**Exercise directions**. Each line from the beginning of the entries below through the line that includes "M \<Longrightarrow> (\<lambda>n." must be returned exactly as given.

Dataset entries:
lemma (in prob_space) prob_eq_0_if_small_balls:
  fixes X :: "nat \<Rightarrow> 'a \<Rightarrow> real"
  assumes [measurable]: "\<And>n. X n \<in> borel_measurable M" "X' \<in> borel_measurable M"
    and lim: "\<And>\<omega>. \<omega> \<in> space M \<Longrightarrow> (\<lambda>n. X n \<omega>) \<longlonglongrightarrow> X' \<omega>"
    and small: "\<And>n \<epsilon>. \<epsilon> > 0 \<Longrightarrow> prob {\<omega>\<in>space M. \<bar>X n \<omega>\<bar> \<le> \<epsilon>} \<le> C * \<epsilon>"
  shows "prob {\<omega>\<in>space M. X' \<omega> = 0} = 0"
proof -
  have bound: "prob {\<omega>\<in>space M. X' \<omega> = 0} \<le> C * \<epsilon>" if "\<epsilon> > 0" for \<epsilon>
  proof -
    define G where "G N = {\<omega>\<in>space M. \<forall>m\<ge>N. \<bar>X m \<omega>\<bar> \<le> \<epsilon>}" for N
    have [measurable]: "G N \<in> sets M" for N
      unfolding G_def by measurable
    have "(\<lambda>N. prob (G N)) \<longlonglongrightarrow> prob (\<Union>N. G N)"
      by (rule finite_Lim_measure_incseq) (auto simp: G_def incseq_def)
    moreover have "prob (G N) \<le> C * \<epsilon>" for N
      using finite_measure_mono[of "G N" "{\<omega>\<in>space M. \<bar>X N \<omega>\<bar> \<le> \<epsilon>}"] small[OF that, of N]
      by (force simp: G_def)
    ultimately have "prob (\<Union>N. G N) \<le> C * \<epsilon>"
      by (intro LIMSEQ_le_const2) auto
    moreover have "{\<omega>\<in>space M. X' \<omega> = 0} \<subseteq> (\<Union>N. G N)"
    proof
      fix \<omega> assume \<omega>: "\<omega> \<in> {\<omega>\<in>space M. X' \<omega> = 0}"
      then have "(\<lambda>m. X m \<omega>) \<longlonglongrightarrow> 0"
        using lim[of \<omega>] by simp
      from tendstoD[OF this \<open>\<epsilon> > 0\<close>] have "eventually (\<lambda>m. dist (X m \<omega>) 0 < \<epsilon>) sequentially" .
      then show "\<omega> \<in> (\<Union>N. G N)"
        using \<omega> by (auto simp: G_def eventually_sequentially dist_real_def intro: less_imp_le)
    qed
    moreover have "(\<Union>N. G N) \<in> sets M"
      by measurable
    ultimately show ?thesis
      by (meson finite_measure_mono order_trans)
  qed
  have "prob {\<omega>\<in>space M. X' \<omega> = 0} \<le> 0"
  proof (rule field_le_epsilon)
    fix e :: real assume "0 < e"
    show "prob {\<omega>\<in>space M. X' \<omega> = 0} \<le> 0 + e"
    proof (cases "C > 0")
      case True
      then show ?thesis using bound[of "e / C"] \<open>0 < e\<close> by simp
    next
      case False
      then show ?thesis using bound[of 1] \<open>0 < e\<close> by simp
    qed
  qed
  then show ?thesis
    using measure_nonneg[of M] by (intro antisym) auto
qed

section \<open>Increments of Brownian motion\<close>

lemma sum_increments_telescope:
  fixes g :: "nat \<Rightarrow> 'a::ab_group_add"
  shows "g j - g k = (\<Sum>i\<in>{k..<j}. g (Suc i) - g i) - (\<Sum>i\<in>{j..<k}. g (Suc i) - g i)"
  by (cases "k \<le> j") (simp_all add: sum_Suc_diff')

lemma brownian_motion_onD:
  assumes "brownian_motion_on M v a b W"
  shows "prob_space M" "\<And>t. t \<in> {a..b} \<Longrightarrow> W t \<in> borel_measurable M"
    "\<And>\<omega>. \<omega> \<in> space M \<Longrightarrow> continuous_on {a..b} (\<lambda>t. W t \<omega>)"
    "\<And>s t. a \<le> s \<Longrightarrow> s < t \<Longrightarrow> t \<le> b \<Longrightarrow>
        distributed M lborel (\<lambda>\<omega>. W t \<omega> - W s \<omega>) (normal_density 0 (sqrt (v * (t - s))))"
    "\<And>ts. sorted ts \<Longrightarrow> set ts \<subseteq> {a..b} \<Longrightarrow>
        prob_space.indep_vars M (\<lambda>_. borel) (\<lambda>i \<omega>. W (ts ! Suc i) \<omega> - W (ts ! i) \<omega>) {..<length ts - 1}"
  using assms unfolding brownian_motion_on_def by auto

lemma brownian_motion_on_increment_distr:
  assumes "brownian_motion_on M v a b W" "a \<le> s" "s < t" "t \<le> b"
  shows "distr M borel (\<lambda>\<omega>. W t \<omega> - W s \<omega>) = density lborel (normal_density 0 (sqrt (v * (t - s))))"
proof -
  have "distr M borel (\<lambda>\<omega>. W t \<omega> - W s \<omega>) = distr M lborel (\<lambda>\<omega>. W t \<omega> - W s \<omega>)"
    by (rule distr_cong) auto
  then show ?thesis
    using brownian_motion_onD(4)[OF assms] unfolding distributed_def by auto
qed

lemma brownian_motion_on_increments_indep:
  assumes bm: "brownian_motion_on M v a b W"
    and h: "\<And>i. i \<le> L \<Longrightarrow> h i \<in> {a..b}" "\<And>i. i < L \<Longrightarrow> h i < h (Suc i)"
  shows "prob_space.indep_vars M (\<lambda>_. borel) (\<lambda>i \<omega>. W (h (Suc i)) \<omega> - W (h i) \<omega>) {..<L}"
proof -
  interpret prob_space M by (rule brownian_motion_onD(1)[OF bm])
  define ts where "ts = map h [0..<Suc L]"
  have nth: "i \<le> L \<Longrightarrow> ts ! i = h i" for i
    by (simp add: ts_def nth_append del: upt_Suc)
  have len: "length ts = Suc L"
    by (simp add: ts_def)
  have "sorted ts"
    unfolding sorted_iff_nth_Suc len using h(2) nth by (simp add: less_imp_le)
  moreover have "set ts \<subseteq> {a..b}"
    using h(1) by (auto simp: ts_def)
  ultimately have "indep_vars (\<lambda>_. borel) (\<lambda>i \<omega>. W (ts ! Suc i) \<omega> - W (ts ! i) \<omega>) {..<L}"
    using brownian_motion_onD(5)[OF bm] len by fastforce
  moreover have "indep_vars (\<lambda>_. borel) (\<lambda>i \<omega>. W (ts ! Suc i) \<omega> - W (ts ! i) \<omega>) {..<L}
      = indep_vars (\<lambda>_. borel) (\<lambda>i \<omega>. W (h (Suc i)) \<omega> - W (h i) \<omega>) {..<L}"
    by (intro indep_vars_cong) (auto simp: nth Suc_le_eq)
  ultimately show ?thesis by simp
qed

lemma brownian_motion_on_increments_distr:
  assumes bm: "brownian_motion_on M v a b W"
    and h: "\<And>i. i \<le> L \<Longrightarrow> h i \<in> {a..b}" "\<And>i. i < L \<Longrightarrow> h i < h (Suc i)" and "0 < L"
  shows "distr M (PiM {..<L} (\<lambda>_. borel)) (\<lambda>\<omega>. \<lambda>i\<in>{..<L}. W (h (Suc i)) \<omega> - W (h i) \<omega>)
       = PiM {..<L} (\<lambda>i. density lborel (normal_density 0 (sqrt (v * (h (Suc i) - h i)))))"
proof -
  interpret prob_space M using brownian_motion_onD(1)[OF bm] .
  have rv: "random_variable borel (\<lambda>\<omega>. W (h (Suc i)) \<omega> - W (h i) \<omega>)" if "i \<in> {..<L}" for i
    using that h(1) brownian_motion_onD(2)[OF bm] by (intro borel_measurable_diff) auto
  have ne: "{..<L} \<noteq> {}" using \<open>0 < L\<close> by auto
  have "distr M (PiM {..<L} (\<lambda>_. borel)) (\<lambda>\<omega>. \<lambda>i\<in>{..<L}. W (h (Suc i)) \<omega> - W (h i) \<omega>)
     = PiM {..<L} (\<lambda>i. distr M borel (\<lambda>\<omega>. W (h (Suc i)) \<omega> - W (h i) \<omega>))"
    using indep_vars_iff_distr_eq_PiM'[OF ne rv] brownian_motion_on_increments_indep[of M v a b W L h, OF bm h] by simp
  also have "\<dots> = PiM {..<L} (\<lambda>i. density lborel (normal_density 0 (sqrt (v * (h (Suc i) - h i)))))"
    using h by (intro PiM_cong refl brownian_motion_on_increment_distr[OF bm]) auto
  finally show ?thesis .
qed

lemma brownian_motion_on_relative_values_distr_eq:
  assumes bm1: "brownian_motion_on M1 v a b W1" and bm2: "brownian_motion_on M2 v a b W2"
    and h: "\<And>i. i \<le> L \<Longrightarrow> h i \<in> {a..b}" "\<And>i. i < L \<Longrightarrow> h i < h (Suc i)"
    and "0 < L" "k \<le> L"
  shows "distr M1 (PiM {..L} (\<lambda>_. borel)) (\<lambda>\<omega>. \<lambda>j\<in>{..L}. W1 (h j) \<omega> - W1 (h k) \<omega>)
       = distr M2 (PiM {..L} (\<lambda>_. borel)) (\<lambda>\<omega>. \<lambda>j\<in>{..L}. W2 (h j) \<omega> - W2 (h k) \<omega>)"
proof -
  define R :: "(nat \<Rightarrow> real) \<Rightarrow> nat \<Rightarrow> real" where
    "R x = (\<lambda>j\<in>{..L}. (\<Sum>i\<in>{k..<j}. x i) - (\<Sum>i\<in>{j..<k}. x i))" for x
  have R: "R \<in> measurable (PiM {..<L} (\<lambda>_. borel)) (PiM {..L} (\<lambda>_. borel))"
    unfolding R_def using \<open>k \<le> L\<close>
    by (intro measurable_restrict borel_measurable_diff borel_measurable_sum measurable_component_singleton) auto
  have relative_distr: "distr M (PiM {..L} (\<lambda>_. borel)) (\<lambda>\<omega>. \<lambda>j\<in>{..L}. W (h j) \<omega> - W (h k) \<omega>)
      = distr (PiM {..<L} (\<lambda>i. density lborel (normal_density 0 (sqrt (v * (h (Suc i) - h i)))))) (PiM {..L} (\<lambda>_. borel)) R"
    if bm: "brownian_motion_on M v a b W" for M and W :: "real \<Rightarrow> 'c \<Rightarrow> real"
  proof -
    let ?X = "\<lambda>\<omega>. \<lambda>i\<in>{..<L}. W (h (Suc i)) \<omega> - W (h i) \<omega>"
    have X: "?X \<in> measurable M (PiM {..<L} (\<lambda>_. borel))"
      using brownian_motion_onD(2)[OF bm] h(1) by (intro measurable_restrict borel_measurable_diff) auto
    have "R (?X \<omega>) = (\<lambda>j\<in>{..L}. W (h j) \<omega> - W (h k) \<omega>)" for \<omega>
    proof
      fix j
      have "(\<Sum>i\<in>{k..<j}. ?X \<omega> i) = (\<Sum>i\<in>{k..<j}. W (h (Suc i)) \<omega> - W (h i) \<omega>)"
        "(\<Sum>i\<in>{j..<k}. ?X \<omega> i) = (\<Sum>i\<in>{j..<k}. W (h (Suc i)) \<omega> - W (h i) \<omega>)" if "j \<le> L"
        using that \<open>k \<le> L\<close> by (auto intro: sum.cong)
      then show "R (?X \<omega>) j = (\<lambda>j\<in>{..L}. W (h j) \<omega> - W (h k) \<omega>) j"
        unfolding R_def by (simp add: sum_increments_telescope[of "\<lambda>i. W (h i) \<omega>" j k])
    qed
    then have "distr M (PiM {..L} (\<lambda>_. borel)) (\<lambda>\<omega>. \<lambda>j\<in>{..L}. W (h j) \<omega> - W (h k) \<omega>)
        = distr (distr M (PiM {..<L} (\<lambda>_. borel)) ?X) (PiM {..L} (\<lambda>_. borel)) R"
      by (simp add: distr_distr[OF R X] comp_def)
    then show ?thesis
      by (simp add: brownian_motion_on_increments_distr[of M v a b W L h, OF bm h \<open>0 < L\<close>])
  qed
  show ?thesis
    unfolding relative_distr[OF bm1] relative_distr[OF bm2] ..
qed

section \<open>The gap path\<close>

definition gap_path :: "(real \<Rightarrow> real) \<Rightarrow> (real \<Rightarrow> 'a \<Rightarrow> real) \<Rightarrow> 'a \<Rightarrow> real \<Rightarrow> real" where
  "gap_path f W \<omega> t = f t - (W t \<omega> - W 0 \<omega>)"

definition gap_sup :: "(real \<Rightarrow> real) \<Rightarrow> (real \<Rightarrow> 'a \<Rightarrow> real) \<Rightarrow> real \<Rightarrow> real \<Rightarrow> 'a \<Rightarrow> real" where
  "gap_sup f W a b \<omega> = (SUP t\<in>{a..b}. gap_path f W \<omega> t)"

lemma reflMinus0_eq_gap_sup: "reflMinus0 f W \<omega> = gap_sup f W (-1) 0 \<omega>"
  unfolding reflMinus0_def gap_sup_def gap_path_def by (simp add: algebra_simps)

lemma reflPlus0_eq_gap_sup: "reflPlus0 f W \<omega> = gap_sup f W 0 1 \<omega>"
  unfolding reflPlus0_def gap_sup_def gap_path_def by (simp add: algebra_simps)

lemma gap_path_0 [simp]: "gap_path f W \<omega> 0 = f 0"
  by (simp add: gap_path_def)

**Written response**.
lemma (in prob_space) prob_eq_0_if_small_balls:
  fixes X :: "nat \<Rightarrow> 'a \<Rightarrow> real"
  assumes [measurable]: "\<And>n. X n \<in> borel_measurable M" "X' \<in> borel_measurable M"
    and lim: "\<And>\<omega>. \<omega> \<in> space M \<Longrightarrow> (\<lambda>n. X n \<omega>) \<longlonglongrightarrow> X' \<omega>"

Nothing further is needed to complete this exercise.